I have also written a CAS Perl module, which uses both CGI::Session to setup a session, and the returned CAS ticket for validation. Once you get the ticket, if you don't have a session already, one is established and that is used for any further authenticated requests. When the session times out, a new ticket is issued and this prompts a new session.

CAS.pm()
package UNE::CAS;


# simple code to hook into a CAS server via Perl
# -----------------------------------------------
#
# Steve Swinsburg, 15th April 2007.
#
# This code is based on an idea from Indiana University but modified to suit
# the University of New England's CAS requirements. I wrote this because all
# other Perl modules out there were required too many dependencies and were
# difficult to get going.
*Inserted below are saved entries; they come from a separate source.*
lemma c_ge_1: "1 \<le> c"
proof -
  have "0 < c * p"
    using c_p by linarith
  then have "0 < c"
    using p_pos by (simp add: zero_less_mult_iff)
  then have "c * p \<le> c"
    using p_less_1 by (simp add: mult_left_le)
  then show ?thesis
    using c_p by simp
qed

lemma H_nonneg: "0 \<le> H j"
  using c_ge_1 u_ge_1 by (simp add: weight_nonneg)

lemma H_le_total: "H j \<le> H m"
  using c_ge_1 u_ge_1 by (simp add: weight_le_total)

lemma total_weight_ge_1: "1 \<le> H m"
proof -
  have "1 * 1 \<le> c * u ^ (m - 1)"
    using c_ge_1 u_ge_1 by (intro mult_mono) simp_all
  also have "\<dots> = H 1"
    using m_pos weight_Suc[of 0 m c u] by simp
  also have "\<dots> \<le> H m"
    using c_ge_1 u_ge_1 m_pos by (simp add: weight_mono)
  finally show ?thesis
    by simp
qed

lemma weight_level_drift:
  assumes z: "0 < z"
  shows "of_bool (z < R) + (1 - p) * H (level (2 * z))
    + p * (if 0 < (z - 1) / 2 then H (level ((z - 1) / 2)) else 0) \<le> H (level z)"
proof -
  have "of_bool (z < R) \<le> (of_bool (level z \<le> m) :: real)"
    using level_le[OF z, of m] R_le by auto
  moreover have "H (level (2 * z)) \<le> H (Suc (level z))"
    using c_ge_1 u_ge_1 level_double_le[OF z] by (simp add: weight_mono)
  moreover have "(if 0 < (z - 1) / 2 then H (level ((z - 1) / 2)) else 0) \<le> H (level z - 1)"
    using level_half_pred[of z] H_nonneg by auto
  ultimately have "of_bool (z < R) + (1 - p) * H (level (2 * z))
      + p * (if 0 < (z - 1) / 2 then H (level ((z - 1) / 2)) else 0)
    \<le> of_bool (level z \<le> m) + (1 - p) * H (Suc (level z)) + p * H (level z - 1)"
    using p_pos p_less_1 by (intro add_mono mult_left_mono) auto
  also have "\<dots> \<le> H (level z)"
    using weight_drift[OF p_pos p_less_1 c_p c_u u_ge_1 level_pos[OF z]] .
  finally show ?thesis .
qed

definition potential :: "real \<Rightarrow> real" where
  "potential z = (if 0 < z then 1 + H (level z) / H m else 0)"

lemma potential_nonneg: "0 \<le> potential z"
  unfolding potential_def using total_weight_ge_1 H_nonneg by simp

lemma one_le_potential: "0 < z \<Longrightarrow> 1 \<le> potential z"
  unfolding potential_def using total_weight_ge_1 H_nonneg by simp

lemma potential_le_2: "potential z \<le> 2"
  unfolding potential_def using total_weight_ge_1 H_le_total by simp

lemma potential_mean_le:
  assumes y: "0 < y"
  shows "p * potential ((y - 1) / 2) + (1 - p) * potential (2 * y) \<le> potential y - of_bool (y < R) / H m"
proof -
  define V where "V = H m"
  define D where "D = (if 0 < (y - 1) / 2 then H (level ((y - 1) / 2)) else 0)"
  define U where "U = H (level (2 * y))"
  have V: "1 \<le> V"
    unfolding V_def by (rule total_weight_ge_1)
  have "potential ((y - 1) / 2) \<le> 1 + D / V"
    unfolding potential_def D_def V_def using total_weight_ge_1 H_nonneg by simp
  moreover have "potential (2 * y) = 1 + U / V"
    unfolding potential_def U_def V_def using y by simp
  ultimately have "p * potential ((y - 1) / 2) + (1 - p) * potential (2 * y)
      \<le> p * (1 + D / V) + (1 - p) * (1 + U / V)"
    using p_pos p_less_1 by (intro add_mono mult_left_mono) auto
  also have "\<dots> = 1 + (p * D + (1 - p) * U) / V"
    using V by (simp add: field_simps)
  also have "\<dots> \<le> 1 + (H (level y) - of_bool (y < R)) / V"
    using weight_level_drift[OF y] V unfolding D_def U_def by (simp add: divide_right_mono)
  also have "\<dots> = potential y - of_bool (y < R) / V"
    unfolding potential_def V_def using y by (simp add: diff_divide_distrib)
  finally show ?thesis
    unfolding V_def .
qed

lemma potential_drift:
  assumes y: "0 < y"
  shows "exp (of_bool (y < R) / (4 * H m)) * (p * potential ((y - 1) / 2) + (1 - p) * potential (2 * y))
    \<le> potential y"
proof (cases "y < R")
  case True
  define V where "V = H m"
  have V: "1 \<le> V"
    unfolding V_def by (rule total_weight_ge_1)
  have "1 / V \<le> 1"
    using V by simp
  then have "0 \<le> potential y - 1 / V"
    using one_le_potential[OF y] by linarith
  have "exp (1 / (4 * V)) * (p * potential ((y - 1) / 2) + (1 - p) * potential (2 * y))
      \<le> exp (1 / (4 * V)) * (potential y - 1 / V)"
    using potential_mean_le[OF y] True unfolding V_def by (intro mult_left_mono) simp_all
  also have "\<dots> \<le> (1 + 1 / (2 * V)) * (potential y - 1 / V)"
    by (rule mult_right_mono[OF exp_quarter_inverse_le[OF V] \<open>0 \<le> potential y - 1 / V\<close>])
  also have "\<dots> = potential y - (1 / V - potential y / (2 * V)) - 1 / (2 * V * V)"
    using V by (simp add: field_simps)
  also have "\<dots> \<le> potential y"
  proof -
    have "potential y / (2 * V) \<le> 2 / (2 * V)"
      using potential_le_2[of y] V by (intro divide_right_mono) auto
    moreover have "2 / (2 * V) = 1 / V" "0 \<le> 1 / (2 * V * V)"
      using V by simp_all
    ultimately show ?thesis
      by linarith
  qed
  finally show ?thesis
    using True unfolding V_def by simp
next
  case False
  then show ?thesis
    using potential_mean_le[OF y] by simp
qed

definition tail_bound :: "real \<Rightarrow> real \<Rightarrow> real" where
  "tail_bound y r = potential y * exp (- r / (4 * H m))"

lemma tail_bound_nonneg: "0 \<le> tail_bound y r"
  unfolding tail_bound_def using potential_nonneg by simp

lemma tail_bound_drift:
  "p * tail_bound ((y - 1) / 2) (r - of_bool (y < R)) + (1 - p) * tail_bound (2 * y) (r - of_bool (y < R))
    \<le> tail_bound y r"
proof (cases "0 < y")
  case True
  have "exp (- (r - of_bool (y < R)) / (4 * H m)) = exp (- r / (4 * H m)) * exp (of_bool (y < R) / (4 * H m))"
    by (simp add: diff_divide_distrib flip: exp_add)
  then have "p * tail_bound ((y - 1) / 2) (r - of_bool (y < R)) + (1 - p) * tail_bound (2 * y) (r - of_bool (y < R))
      = exp (- r / (4 * H m)) * (exp (of_bool (y < R) / (4 * H m))
          * (p * potential ((y - 1) / 2) + (1 - p) * potential (2 * y)))"
    unfolding tail_bound_def by (simp add: algebra_simps)
  also have "\<dots> \<le> exp (- r / (4 * H m)) * potential y"
    using potential_drift[OF True] by (intro mult_left_mono) auto
  finally show ?thesis
    unfolding tail_bound_def by (simp add: mult.commute)
next
  case False
  then show ?thesis
    unfolding tail_bound_def potential_def by simp
qed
Hopefully this should do the trick.
#
# The function accepts 4 parameters
# - $cas_login which is the URL of the CAS login
# - $cas_validate which is the URL of the CAS ticket validator
# - $cas_service which is the URL of the app that is being CASified
# - $cas_ticket which is the ticket string if its already set
#
# If successfully authenticated it will return the authenticated username.
# If authentication fails, it returns 'AUTHENTICATION_FAILED'.
# If it needs to authenticate, then it returns 'AUTHENTICATION_REQUIRED'.


use LWP::UserAgent;

sub getAuthenticatedUsername {

	#sent to this function by the app that called it
	local($cas_login, $cas_validate, $cas_service, $cas_ticket) = @_;

	# User Agent object to handle HTTP requests
	my $ua = new LWP::UserAgent;

	# Check if we have a CAS ticket and if its of a valid form
	if (defined($cas_ticket) && $cas_ticket =~ m/^ST-\d+-[A-Za-z0-9]+$/){

		# Validate the ticket
		my $req = new HTTP::Request('GET', "$cas_validate?service=$cas_service&ticket=$cas_ticket");
		my $res = $ua->request($req);
		my $validate_reply = $res->content;

		# The validation reply is a fragment of XML like this:
		# FAILED
		#<cas:serviceResponse xmlns:cas='http://www.yale.edu/tp/cas'>
		#	<cas:authenticationFailure code='INVALID_TICKET'>
		#		ticket 'ST-24355-7s6GVyTgNM8Pt7PnoSgc' not recognized
		#	</cas:authenticationFailure>
		#</cas:serviceResponse>
		# SUCCESS
		#<cas:serviceResponse xmlns:cas='http://www.yale.edu/tp/cas'>
		#	<cas:authenticationSuccess>
		#		<cas:user>sswinsb2</cas:user>
		#	</cas:authenticationSuccess>
		#</cas:serviceResponse>

		# Therefore we can check for a matching string to see if it was successful and get the username from the XML fragment
		if ($validate_reply =~ /(<cas:user>)\w+(<\/cas:user>)/) {
			$cas_username = $&;
			$cas_username =~ s/(<\/?\w+:\w+>)//g;
			return $cas_username;
		} else {
			return 'AUTHENTICATION_FAILED';
		}
	} else {
		return 'AUTHENTICATION_REQUIRED';
	}

}

return 1;

There are probably issues with this code but it seems to be running fine! Like I said above, you need to make sure your CAS server is returning usernames wrapped in XML the same way as above, or modify the code to suit. Feedback appreciated.